Sunday, September 11, 2022

Belief, Faith and Enlightenment

What is YOUR practice? What do YOU believe in? What do YOU have faith in? Listed below are just a few words in regards to a conversation I had with Christopher Curtis Sensei, 8th Dan in Ki Aikido, aka Shin Shin Toitsu Aikido. I like the commentary below, as it ties in with my practice of the Wim Hof Method in Prescott Arizona. I've just begun my long journey with this 'way' or 'practice,' yet, I can still use great information from other practices I've worked with, such as Ki Aikido. 

Question: Are you enlightened? Another way of putting this is, do you believe in enlightenment, in whatever form this means to you?

Reply: When questions like this arise in our life, the thing we always need to find out is: What difference would it make in my practice if I knew the answer to this?

But I think that before we can answer this important question, we have to take a look at how we are using language.  You asked me, "...do you believe in enlightenment?"  

I don't "believe" that we do, and I don't "believe" that we don't ‘reach enlightenment’.  There is a big difference between the word "belief" and the word "faith."  When I believe something to be so, then I tend to see everything as if it backs up that belief, and distrust or reject anything that clearly doesn't support that belief.  In other words, belief is narrowing down, or limiting, of that which can be experienced "as it is."  Whereas if I have faith, there doesn't need to be any object of that faith.  Faith is an opening, an acceptance, and it provides an ability to be with whatever arises in confidence.  So, belief is quite limiting and therefore somewhat dangerous, while faith is freeing.

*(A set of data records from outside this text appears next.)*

lemma acyclic_edge_endpoints_disconnected:
  assumes FE: "F \<subseteq> E" and acyclic: "\<not> (\<exists>vs. tg_cycle E vs)"
    and e: "(i, c) \<in> E" and "(i, c) \<notin> F"
  shows "\<not> (tg_adj F)\<^sup>*\<^sup>* (Inr c) (Inl i)"
proof
  assume "(tg_adj F)\<^sup>*\<^sup>* (Inr c) (Inl i)"
  then obtain vs where vs: "tg_path F vs" "hd vs = Inr c" "last vs = Inl i"
    using tg_path_of_rtranclp by blast
  moreover have "vs \<noteq> []" using vs(1) by (simp add: tg_path_def)
  ultimately obtain ws where ws: "vs = Inr c # ws" "ws \<noteq> []"
    by (cases vs) (auto split: if_splits)
  show False
  proof (cases "length vs = 2")
    case True
    then have "vs = [Inr c, Inl i]" using ws vs(3) by (cases ws) auto
    then have "tg_adj F (Inr c) (Inl i)" using vs(1) by (simp add: tg_path_iff_successively)
    then show False using \<open>(i, c) \<notin> F\<close> unfolding tg_adj_def by auto
  next
    case False
    have "tg_path E vs" using vs(1) tg_adj_mono[OF FE] unfolding tg_path_def by blast
    moreover have "tg_adj E (last vs) (hd vs)" using vs e unfolding tg_adj_def by auto
    moreover have "length vs \<ge> 3" using False ws by (cases ws) (auto simp: Suc_le_eq)
    ultimately show False using acyclic unfolding tg_cycle_def by blast
  qed
qed

section \<open>Lift codewords and irreducibility\<close>

lemma lift_codeword_partner:
  assumes "finite E" and perm: "\<forall>e\<in>E. \<pi> e permutes {..<l}"
    and "lift_codeword C E l \<pi> y" and "c \<in> C" and e: "(i, c) \<in> E" and "a < l" and "y i a"
  shows "\<exists>j a'. j \<noteq> i \<and> (j, c) \<in> E \<and> a' < l \<and> \<pi> (j, c) a' = \<pi> (i, c) a \<and> y j a'"
proof -
  define S where "S = {(j, a'). (j, c) \<in> E \<and> a' < l \<and> \<pi> (j, c) a' = \<pi> (i, c) a \<and> y j a'}"
  have \<pi>: "\<pi> (i, c) permutes {..<l}" using perm e by blast
  then have "even (card S)"
    using assms permutes_in_image[OF \<pi>] unfolding lift_codeword_def S_def by blast
  moreover have ia: "(i, a) \<in> S" using assms unfolding S_def by simp
  ultimately have "S \<noteq> {(i, a)}" by auto
  then obtain j a' where ja: "(j, a') \<in> S" "(j, a') \<noteq> (i, a)" using ia by auto
  moreover have "j \<noteq> i"
  proof
    assume "j = i"
    then have "\<pi> (i, c) a' = \<pi> (i, c) a" using ja(1) unfolding S_def by simp
    then show False using permutes_inj[OF \<pi>] ja(2) \<open>j = i\<close> by (simp add: inj_eq)
  qed
  ultimately show ?thesis unfolding S_def by auto
qed

lemma lift_codeword_degree_one:
  assumes "finite E" and "\<forall>e\<in>E. \<pi> e permutes {..<l}" and "lift_codeword C E l \<pi> y"
    and "c \<in> C" and deg: "check_degree E c = 1" and e: "(i, c) \<in> E" and "a < l"
  shows "\<not> y i a"
proof
  assume "y i a"
  then obtain j where "j \<noteq> i" "(j, c) \<in> E"
    using lift_codeword_partner assms by metis
  moreover obtain k where "{i. (i, c) \<in> E} = {k}"
    using deg card_1_singletonE unfolding check_degree_def by blast
  ultimately show False using e by (metis (mono_tags) mem_Collect_eq singletonD)
qed

text \<open>Every active copy of \<open>i\<close> at a check copy of \<open>c\<close> needs a partner, which can only be an
  active copy of the other neighbour \<open>j\<close>; this injects the active copies of \<open>i\<close> into those
  of \<open>j\<close>.\<close>
lemma lift_codeword_degree_two_card_le:
  assumes fin: "finite E" and perm: "\<forall>e\<in>E. \<pi> e permutes {..<l}"
    and lc: "lift_codeword C E l \<pi> y" and c: "c \<in> C" and deg: "check_degree E c = 2"
    and ei: "(i, c) \<in> E" and ej: "(j, c) \<in> E"
  shows "card {a. a < l \<and> y i a} \<le> card {a. a < l \<and> y j a}"
proof (cases "i = j")
  case False
  obtain x x' where "{i. (i, c) \<in> E} = {x, x'}"
    using deg unfolding check_degree_def card_2_iff by blast
  moreover have "i \<in> {i. (i, c) \<in> E}" and "j \<in> {i. (i, c) \<in> E}" using ei ej by simp_all
  ultimately have N: "{i. (i, c) \<in> E} = {i, j}" using False by auto
  have \<pi>j: "\<pi> (j, c) permutes {..<l}" using perm ej by blast
  define f where "f = inv (\<pi> (j, c)) \<circ> \<pi> (i, c)"
  have "inj_on f {a. a < l \<and> y i a}"
    unfolding f_def using perm ei permutes_inj permutes_inv[OF \<pi>j]
    by (metis inj_compose inj_on_subset subset_UNIV)
  moreover have "f ` {a. a < l \<and> y i a} \<subseteq> {a. a < l \<and> y j a}"
  proof
    fix z assume "z \<in> f ` {a. a < l \<and> y i a}"
    then obtain a where a: "a < l" "y i a" "z = f a" by blast
    obtain j' a' where "j' \<noteq> i" "(j', c) \<in> E" "a' < l" "\<pi> (j', c) a' = \<pi> (i, c) a" "y j' a'"
      using lift_codeword_partner[OF fin perm lc c ei a(1,2)] by blast
    moreover from this have "j' = j" using N by auto
    ultimately show "z \<in> {a. a < l \<and> y j a}"
      using a(3) permutes_inverses(2)[OF \<pi>j] unfolding f_def by (metis comp_apply mem_Collect_eq)
  qed
  ultimately show ?thesis by (intro card_inj_on_le) auto
qed simp

lemma lift_codeword_check_sum_even:
  assumes fin: "finite E" and perm: "\<forall>e\<in>E. \<pi> e permutes {..<l}"
    and lc: "lift_codeword C E l \<pi> y" and c: "c \<in> C"
  shows "even (\<Sum>i | (i, c) \<in> E. card {a. a < l \<and> y i a})"
proof -
  define S where "S = (\<lambda>b. {(i, a). (i, c) \<in> E \<and> a < l \<and> \<pi> (i, c) a = b \<and> y i a})"
  have finN: "finite {i. (i, c) \<in> E}"
    using fin by (rule finite_subset[rotated, OF finite_imageI[of E fst]]) force
  have "(\<Sum>i | (i, c) \<in> E. card {a. a < l \<and> y i a}) =
      card (SIGMA i:{i. (i, c) \<in> E}. {a. a < l \<and> y i a})"
    using finN by (simp add: card_SigmaI)
  also have "(SIGMA i:{i. (i, c) \<in> E}. {a. a < l \<and> y i a}) = (\<Union>b<l. S b)"
    using perm permutes_in_image unfolding S_def by fastforce
  also have "card (\<Union>b<l. S b) = (\<Sum>b<l. card (S b))"
  proof (rule card_UN_disjoint)
    show "\<forall>b\<in>{..<l}. finite (S b)"
      using finN by (auto simp: S_def intro: finite_subset[of _ "{i. (i, c) \<in> E} \<times> {..<l}"])
  qed (auto simp: S_def)
  finally show ?thesis
    using lc c unfolding lift_codeword_def S_def by (metis (no_types, lifting) dvd_sum lessThan_iff)
qed

lemma zero_is_codeword: "is_codeword n C E (\<lambda>_. 0)"
  unfolding is_codeword_def by simp

lemma irreducible_sum_codewords_is_codeword:
  assumes "\<forall>q\<in>set qs. is_codeword n C E q" and p: "p = (\<lambda>i. \<Sum>q\<leftarrow>qs. q i)"
    and irr: "irreducible_pcw n C E p"
  shows "is_codeword n C E p"
proof -
  define qs' where "qs' = filter (\<lambda>q. q \<noteq> (\<lambda>_. 0)) qs"
  have p': "p = (\<lambda>i. \<Sum>q\<leftarrow>qs'. q i)"
    unfolding p qs'_def by (auto intro!: sum_list_map_filter[symmetric])
  have "\<forall>q\<in>set qs'. q \<noteq> (\<lambda>_. 0) \<and> is_codeword n C E q"
    using assms(1) unfolding qs'_def by simp
  then have "\<not> length qs' \<ge> 2"
    using irr p' unfolding irreducible_pcw_def by blast
  then consider "qs' = []" | q where "qs' = [q]"
    by (cases qs' rule: remdups_adj.cases) auto
  then show ?thesis
  proof cases
    case 1
    then show ?thesis using p' zero_is_codeword by simp
  next
    case (2 q)
    then have "p = q" using p' by simp
    moreover have "q \<in> set qs"
      using 2 unfolding qs'_def by (metis filter_is_subset list.set_intros(1) subsetD)
    ultimately show ?thesis using assms(1) by simp
  qed
qed

lemma multiple_not_irreducible_pcw:
  assumes "q \<noteq> (\<lambda>_. 0)" and "is_codeword n C E q \<or> lift_realizable n C E q"
    and "m \<ge> 2" and "p = (\<lambda>i. m * q i)"
  shows "\<not> irreducible_pcw n C E p"
proof -
  have "p = (\<lambda>i. \<Sum>q'\<leftarrow>replicate m q. q' i)"
    using assms(4) by (simp add: sum_list_replicate map_replicate)
  moreover have "length (replicate m q) \<ge> 2" and
    "\<forall>q'\<in>set (replicate m q). q' \<noteq> (\<lambda>_. 0) \<and> (is_codeword n C E q' \<or> lift_realizable n C E q')"
    using assms(1-3) by auto
  ultimately show ?thesis unfolding irreducible_pcw_def by blast
qed

section \<open>Cycle-free Tanner graphs\<close>

text \<open>As there is no cycle, a new edge joins two different components of the edges already handled,
  so relabelling the whole component of its check node fixes the new edge and keeps the old ones.\<close>
lemma acyclic_lift_trivializable:
  assumes "finite F" and "F \<subseteq> E" and perm: "\<forall>e\<in>E. \<pi> e permutes {..<l}"
    and acyclic: "\<not> (\<exists>vs. tg_cycle E vs)"
  shows "\<exists>\<tau>. (\<forall>v. \<tau> v permutes {..<l}) \<and> (\<forall>(i, c)\<in>F. \<tau> (Inr c) = \<pi> (i, c) \<circ> \<tau> (Inl i))"
  using assms(1,2)
proof (induction F rule: finite_induct)
  case empty
  show ?case by (intro exI[of _ "\<lambda>_. id"]) (simp add: permutes_def)
next
  case (insert e F)
  obtain i c where e: "e = (i, c)" by (cases e)
  obtain \<tau> where \<tau>: "\<forall>v. \<tau> v permutes {..<l}"
    "\<forall>(i, c)\<in>F. \<tau> (Inr c) = \<pi> (i, c) \<circ> \<tau> (Inl i)" using insert by blast
  have eE: "(i, c) \<in> E" using insert e by auto
  define K where "K = {w. (tg_adj F)\<^sup>*\<^sup>* (Inr c) w}"
  define \<rho> where "\<rho> = inv (\<tau> (Inr c)) \<circ> \<pi> (i, c) \<circ> \<tau> (Inl i)"
  define \<tau>' where "\<tau>' = (\<lambda>w. if w \<in> K then \<tau> w \<circ> \<rho> else \<tau> w)"
  have "\<rho> permutes {..<l}"
    unfolding \<rho>_def using \<tau>(1) perm eE by (meson permutes_compose permutes_inv)
  then have "\<forall>v. \<tau>' v permutes {..<l}"
    unfolding \<tau>'_def using \<tau>(1) by (simp add: permutes_compose)
  moreover have "\<tau>' (Inr c) = \<pi> (i, c) \<circ> \<tau>' (Inl i)"
  proof -
    have "Inl i \<notin> K"
      using acyclic_edge_endpoints_disconnected[of F E i c] insert e eE acyclic
      unfolding K_def by auto
    moreover have "\<tau> (Inr c) \<circ> inv (\<tau> (Inr c)) = id"
      using permutes_inv_o(1)[OF \<tau>(1)[rule_format]] .
    ultimately show ?thesis unfolding \<tau>'_def \<rho>_def K_def by (simp add: o_assoc)
  qed
  moreover have "\<tau>' (Inr c') = \<pi> (i', c') \<circ> \<tau>' (Inl i')" if "(i', c') \<in> F" for i' c'
  proof -
    have "tg_adj F (Inl i') (Inr c')" "tg_adj F (Inr c') (Inl i')"
      using that unfolding tg_adj_def by auto
    then have "Inl i' \<in> K \<longleftrightarrow> Inr c' \<in> K"
      unfolding K_def by (auto intro: rtranclp.rtrancl_into_rtrancl)
    then show ?thesis using \<tau>(2) that unfolding \<tau>'_def by (auto simp: o_assoc)
  qed
  ultimately show ?case using e by (intro exI[of _ \<tau>']) auto
qed

text \<open>When \<open>\<tau>\<close> trivializes the lift, the copies \<open>\<tau> v a\<close> with a fixed label \<open>a\<close> form a copy of
  the base graph, and the lift codeword restricted to it is a codeword.\<close>
definition lift_layer ::
    "nat \<Rightarrow> (nat \<Rightarrow> nat \<Rightarrow> bool) \<Rightarrow> (nat + 'c \<Rightarrow> nat \<Rightarrow> nat) \<Rightarrow> nat \<Rightarrow> nat \<Rightarrow> nat"
  where "lift_layer n y \<tau> a i = of_bool (i < n \<and> y i (\<tau> (Inl i) a))"

lemma trivialized_lift_layer_codeword:
  assumes Esub: "E \<subseteq> {..<n} \<times> C" and perm: "\<forall>e\<in>E. \<pi> e permutes {..<l}"
    and lc: "lift_codeword C E l \<pi> y" and \<tau>: "\<forall>v. \<tau> v permutes {..<l}"
    and triv: "\<forall>(i, c)\<in>E. \<tau> (Inr c) = \<pi> (i, c) \<circ> \<tau> (Inl i)" and a: "a < l"
  shows "is_codeword n C E (lift_layer n y \<tau> a)"
  unfolding is_codeword_def
proof (intro conjI allI impI ballI)
  fix c assume c: "c \<in> C"
  define T where "T = {i. (i, c) \<in> E \<and> lift_layer n y \<tau> a i = 1}"
  define S where "S = {(i, a'). (i, c) \<in> E \<and> a' < l \<and> \<pi> (i, c) a' = \<tau> (Inr c) a \<and> y i a'}"
  have "even (card S)"
    using lc c permutes_in_image[OF \<tau>[rule_format]] a unfolding lift_codeword_def S_def by blast
  moreover have "S = (\<lambda>i. (i, \<tau> (Inl i) a)) ` T"
  proof (intro equalityI subsetI)
    fix z assume "z \<in> S"
    then obtain i a' where z: "z = (i, a')" "(i, c) \<in> E" "a' < l" "y i a'"
      and eq: "\<pi> (i, c) a' = \<pi> (i, c) (\<tau> (Inl i) a)" using triv unfolding S_def by fastforce
    have "a' = \<tau> (Inl i) a"
      using eq permutes_inj[of "\<pi> (i, c)" "{..<l}"] perm z(2) by (simp add: inj_eq)
    then show "z \<in> (\<lambda>i. (i, \<tau> (Inl i) a)) ` T"
      using z Esub unfolding T_def lift_layer_def by auto
  next
    fix z assume "z \<in> (\<lambda>i. (i, \<tau> (Inl i) a)) ` T"
    then show "z \<in> S"
      using triv permutes_in_image[OF \<tau>[rule_format]] a
      unfolding S_def T_def lift_layer_def by fastforce
  qed
  moreover have "card ((\<lambda>i. (i, \<tau> (Inl i) a)) ` T) = card T"
    by (rule card_image) (auto simp: inj_on_def)
  ultimately show "even (card {i. (i, c) \<in> E \<and> lift_layer n y \<tau> a i = 1})"
    unfolding T_def by simp
qed (auto simp: lift_layer_def)

lemma sum_lift_layers:
  assumes "\<tau> (Inl i) permutes {..<l}"
  shows "(\<Sum>a<l. lift_layer n y \<tau> a i) = (if i < n then card {a. a < l \<and> y i a} else 0)"
proof -
  have "(\<Sum>a<l. of_bool (y i (\<tau> (Inl i) a))) = (\<Sum>b<l. of_bool (y i b) :: nat)"
    using sum.reindex_bij_betw[OF permutes_imp_bij[OF assms]] .
  then show ?thesis unfolding lift_layer_def by (simp add: Int_def)
qed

 So, now let's return to the important question:  "How will this help me in my practice to know this?"  What is our practice?  Our practice is to be completely present in this moment and to experience whatever arises fully.  And that's it. There is nothing more, because everything else is imagined or constructed.   

We have sensation, we have emotion, and we have thought.  All three of these arise, often simultaneously, and we invariably take them to be fact, while actually, they are only the movement of energy.  If we look, we can notice that there is an awareness that is aware of all these movements, but is not a part of them, and is not affected directly by them.  This awareness we tend to call "I", but when we fall into this awareness, we find no "thing" there that could be identified as an "I" or a "person" or a "body".  It is the direct experience of this causeless awareness experiencing itself that is the purpose of our practice.

 Of course, this is not problem as far as I am concerned.  Every single tradition ever invented carries the truth within it.  The trick is not to get caught up in that which is not the truth within it, of which there is always plenty.  To this end we must be "ruthless" with ourselves in our approach ("ruth" is old English for "pity").  In other words, we must be simple, open, and honest, and not be taken in by all comers.  

Kris Kelley and Curtis Sensei discussion.